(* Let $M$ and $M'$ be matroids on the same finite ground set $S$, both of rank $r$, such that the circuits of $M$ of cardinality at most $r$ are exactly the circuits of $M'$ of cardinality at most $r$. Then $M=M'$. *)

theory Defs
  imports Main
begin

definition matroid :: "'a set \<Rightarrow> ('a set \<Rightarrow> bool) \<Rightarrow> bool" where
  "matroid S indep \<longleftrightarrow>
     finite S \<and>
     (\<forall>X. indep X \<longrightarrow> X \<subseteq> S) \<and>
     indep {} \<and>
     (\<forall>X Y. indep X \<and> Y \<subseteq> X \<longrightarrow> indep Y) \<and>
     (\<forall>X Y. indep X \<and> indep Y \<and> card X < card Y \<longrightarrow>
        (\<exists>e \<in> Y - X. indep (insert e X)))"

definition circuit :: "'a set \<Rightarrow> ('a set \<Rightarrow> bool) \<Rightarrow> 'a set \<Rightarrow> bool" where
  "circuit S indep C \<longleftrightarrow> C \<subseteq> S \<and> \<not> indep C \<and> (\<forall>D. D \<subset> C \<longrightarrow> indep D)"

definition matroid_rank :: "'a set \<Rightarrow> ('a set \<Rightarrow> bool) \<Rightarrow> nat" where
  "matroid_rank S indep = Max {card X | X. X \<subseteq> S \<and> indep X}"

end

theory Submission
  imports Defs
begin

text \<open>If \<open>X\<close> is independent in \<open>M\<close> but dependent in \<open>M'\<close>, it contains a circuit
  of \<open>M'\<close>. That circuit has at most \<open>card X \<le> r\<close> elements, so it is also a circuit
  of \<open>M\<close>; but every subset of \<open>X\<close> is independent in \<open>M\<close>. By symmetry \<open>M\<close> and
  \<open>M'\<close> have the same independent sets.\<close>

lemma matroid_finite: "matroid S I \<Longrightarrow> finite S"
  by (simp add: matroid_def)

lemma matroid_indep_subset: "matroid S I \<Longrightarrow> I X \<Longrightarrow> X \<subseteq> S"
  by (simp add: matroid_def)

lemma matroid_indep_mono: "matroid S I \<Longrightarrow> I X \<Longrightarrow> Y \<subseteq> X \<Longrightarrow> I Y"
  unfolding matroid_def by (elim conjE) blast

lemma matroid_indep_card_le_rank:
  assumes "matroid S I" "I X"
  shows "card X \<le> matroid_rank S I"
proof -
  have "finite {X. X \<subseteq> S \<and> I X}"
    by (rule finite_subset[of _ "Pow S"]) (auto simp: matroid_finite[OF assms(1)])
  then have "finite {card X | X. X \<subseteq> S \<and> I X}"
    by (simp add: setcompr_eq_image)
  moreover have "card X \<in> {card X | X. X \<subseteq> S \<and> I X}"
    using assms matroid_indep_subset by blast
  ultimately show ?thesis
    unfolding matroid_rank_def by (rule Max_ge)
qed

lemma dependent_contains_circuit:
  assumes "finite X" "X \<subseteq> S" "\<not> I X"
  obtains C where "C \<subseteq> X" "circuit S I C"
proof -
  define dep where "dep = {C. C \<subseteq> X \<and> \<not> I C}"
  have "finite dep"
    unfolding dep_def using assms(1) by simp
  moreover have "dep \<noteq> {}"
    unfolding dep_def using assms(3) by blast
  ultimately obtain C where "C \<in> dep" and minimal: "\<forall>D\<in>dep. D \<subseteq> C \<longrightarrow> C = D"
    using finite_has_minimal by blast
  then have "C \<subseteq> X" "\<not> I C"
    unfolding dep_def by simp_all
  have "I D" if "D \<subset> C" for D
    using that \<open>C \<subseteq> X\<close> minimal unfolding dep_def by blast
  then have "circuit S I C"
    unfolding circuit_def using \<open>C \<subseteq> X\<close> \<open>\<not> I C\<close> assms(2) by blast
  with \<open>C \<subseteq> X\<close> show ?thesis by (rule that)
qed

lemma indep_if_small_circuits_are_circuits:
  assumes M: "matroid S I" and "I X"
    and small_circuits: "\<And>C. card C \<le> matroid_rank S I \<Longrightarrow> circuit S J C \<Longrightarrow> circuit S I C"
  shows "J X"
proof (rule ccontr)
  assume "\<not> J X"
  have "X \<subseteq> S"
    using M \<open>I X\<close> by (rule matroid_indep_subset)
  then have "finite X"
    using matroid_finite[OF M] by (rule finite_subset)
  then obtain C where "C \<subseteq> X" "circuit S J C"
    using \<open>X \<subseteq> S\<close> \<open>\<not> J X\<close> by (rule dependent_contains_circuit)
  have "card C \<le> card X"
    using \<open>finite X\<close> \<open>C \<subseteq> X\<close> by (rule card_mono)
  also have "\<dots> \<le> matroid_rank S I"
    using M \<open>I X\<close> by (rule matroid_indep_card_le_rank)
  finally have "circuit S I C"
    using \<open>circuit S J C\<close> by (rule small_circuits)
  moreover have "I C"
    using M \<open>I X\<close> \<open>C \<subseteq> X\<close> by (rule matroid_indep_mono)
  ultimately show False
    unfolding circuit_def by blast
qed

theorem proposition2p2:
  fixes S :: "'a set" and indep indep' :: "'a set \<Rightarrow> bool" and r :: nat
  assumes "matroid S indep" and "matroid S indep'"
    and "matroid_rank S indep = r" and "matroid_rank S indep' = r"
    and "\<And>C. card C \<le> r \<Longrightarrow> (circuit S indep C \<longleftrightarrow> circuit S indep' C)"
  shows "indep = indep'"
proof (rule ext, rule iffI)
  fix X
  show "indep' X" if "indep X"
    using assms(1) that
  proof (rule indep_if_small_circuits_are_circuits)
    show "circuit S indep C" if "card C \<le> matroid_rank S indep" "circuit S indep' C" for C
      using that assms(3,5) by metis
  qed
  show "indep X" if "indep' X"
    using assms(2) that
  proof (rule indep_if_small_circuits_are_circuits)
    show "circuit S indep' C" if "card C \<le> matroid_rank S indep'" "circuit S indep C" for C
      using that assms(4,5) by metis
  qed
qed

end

════════════════════

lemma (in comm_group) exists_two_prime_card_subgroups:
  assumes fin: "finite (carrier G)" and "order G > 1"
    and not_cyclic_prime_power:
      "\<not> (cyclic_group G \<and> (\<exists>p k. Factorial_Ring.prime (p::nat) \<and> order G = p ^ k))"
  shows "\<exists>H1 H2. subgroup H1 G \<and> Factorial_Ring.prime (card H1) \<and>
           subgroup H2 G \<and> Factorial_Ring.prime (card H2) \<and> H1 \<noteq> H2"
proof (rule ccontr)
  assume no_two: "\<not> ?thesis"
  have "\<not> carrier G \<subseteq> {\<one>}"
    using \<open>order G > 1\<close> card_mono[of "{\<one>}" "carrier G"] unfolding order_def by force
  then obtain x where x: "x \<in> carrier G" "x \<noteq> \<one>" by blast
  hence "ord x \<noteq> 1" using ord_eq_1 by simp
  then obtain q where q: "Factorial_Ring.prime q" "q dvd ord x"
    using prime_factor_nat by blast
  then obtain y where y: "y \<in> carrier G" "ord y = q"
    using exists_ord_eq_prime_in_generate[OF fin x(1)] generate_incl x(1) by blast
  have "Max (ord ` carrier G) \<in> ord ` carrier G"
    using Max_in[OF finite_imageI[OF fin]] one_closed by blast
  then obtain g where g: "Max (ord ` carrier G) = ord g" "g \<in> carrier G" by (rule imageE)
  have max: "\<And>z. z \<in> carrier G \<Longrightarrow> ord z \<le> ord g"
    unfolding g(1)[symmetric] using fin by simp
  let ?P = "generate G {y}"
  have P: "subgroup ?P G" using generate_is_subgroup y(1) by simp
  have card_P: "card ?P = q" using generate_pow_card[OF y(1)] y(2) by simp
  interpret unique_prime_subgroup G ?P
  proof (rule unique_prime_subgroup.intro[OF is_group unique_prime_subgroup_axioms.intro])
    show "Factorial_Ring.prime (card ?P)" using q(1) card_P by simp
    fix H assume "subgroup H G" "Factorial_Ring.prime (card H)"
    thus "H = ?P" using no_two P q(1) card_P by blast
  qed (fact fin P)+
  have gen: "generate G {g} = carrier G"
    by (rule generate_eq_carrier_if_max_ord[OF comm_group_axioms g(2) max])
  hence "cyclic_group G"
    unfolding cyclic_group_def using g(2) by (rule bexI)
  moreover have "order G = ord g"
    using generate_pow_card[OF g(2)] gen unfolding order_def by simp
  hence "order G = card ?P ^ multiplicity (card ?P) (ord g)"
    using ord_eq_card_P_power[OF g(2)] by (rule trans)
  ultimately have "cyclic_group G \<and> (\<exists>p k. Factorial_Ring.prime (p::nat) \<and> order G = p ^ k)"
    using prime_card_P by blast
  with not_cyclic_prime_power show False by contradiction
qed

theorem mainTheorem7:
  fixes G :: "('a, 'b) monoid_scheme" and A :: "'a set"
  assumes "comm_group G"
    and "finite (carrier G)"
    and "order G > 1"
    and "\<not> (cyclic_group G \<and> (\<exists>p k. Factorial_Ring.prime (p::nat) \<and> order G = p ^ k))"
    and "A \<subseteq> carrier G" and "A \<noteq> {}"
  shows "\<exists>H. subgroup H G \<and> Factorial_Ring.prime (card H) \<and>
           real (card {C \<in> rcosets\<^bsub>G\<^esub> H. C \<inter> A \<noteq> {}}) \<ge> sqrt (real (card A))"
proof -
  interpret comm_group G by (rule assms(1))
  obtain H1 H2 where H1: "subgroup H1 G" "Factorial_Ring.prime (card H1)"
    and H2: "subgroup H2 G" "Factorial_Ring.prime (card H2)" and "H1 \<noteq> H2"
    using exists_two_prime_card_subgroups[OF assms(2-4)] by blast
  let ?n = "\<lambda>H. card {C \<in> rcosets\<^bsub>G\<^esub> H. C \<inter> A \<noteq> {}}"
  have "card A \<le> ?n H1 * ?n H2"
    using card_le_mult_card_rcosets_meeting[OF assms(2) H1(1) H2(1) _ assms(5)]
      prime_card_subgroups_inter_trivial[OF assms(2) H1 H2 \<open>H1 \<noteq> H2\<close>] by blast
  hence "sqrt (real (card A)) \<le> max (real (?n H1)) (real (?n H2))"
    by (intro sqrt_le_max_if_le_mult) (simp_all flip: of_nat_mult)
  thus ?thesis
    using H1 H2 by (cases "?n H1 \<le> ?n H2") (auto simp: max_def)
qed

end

════════════════════

▶ **WHAT NEEDS TO BE DONE**
Where in the listing does the string "assumes" appear? Copy every line that has it.

▶ **RESULT BELOW**
  assumes "matroid S I" "I X"
  assumes "finite X" "X \<subseteq> S" "\<not> I X"
  assumes M: "matroid S I" and "I X"
  assumes "matroid S indep" and "matroid S indep'"
  assumes fin: "finite (carrier G)" and "order G > 1"
  assumes "comm_group G"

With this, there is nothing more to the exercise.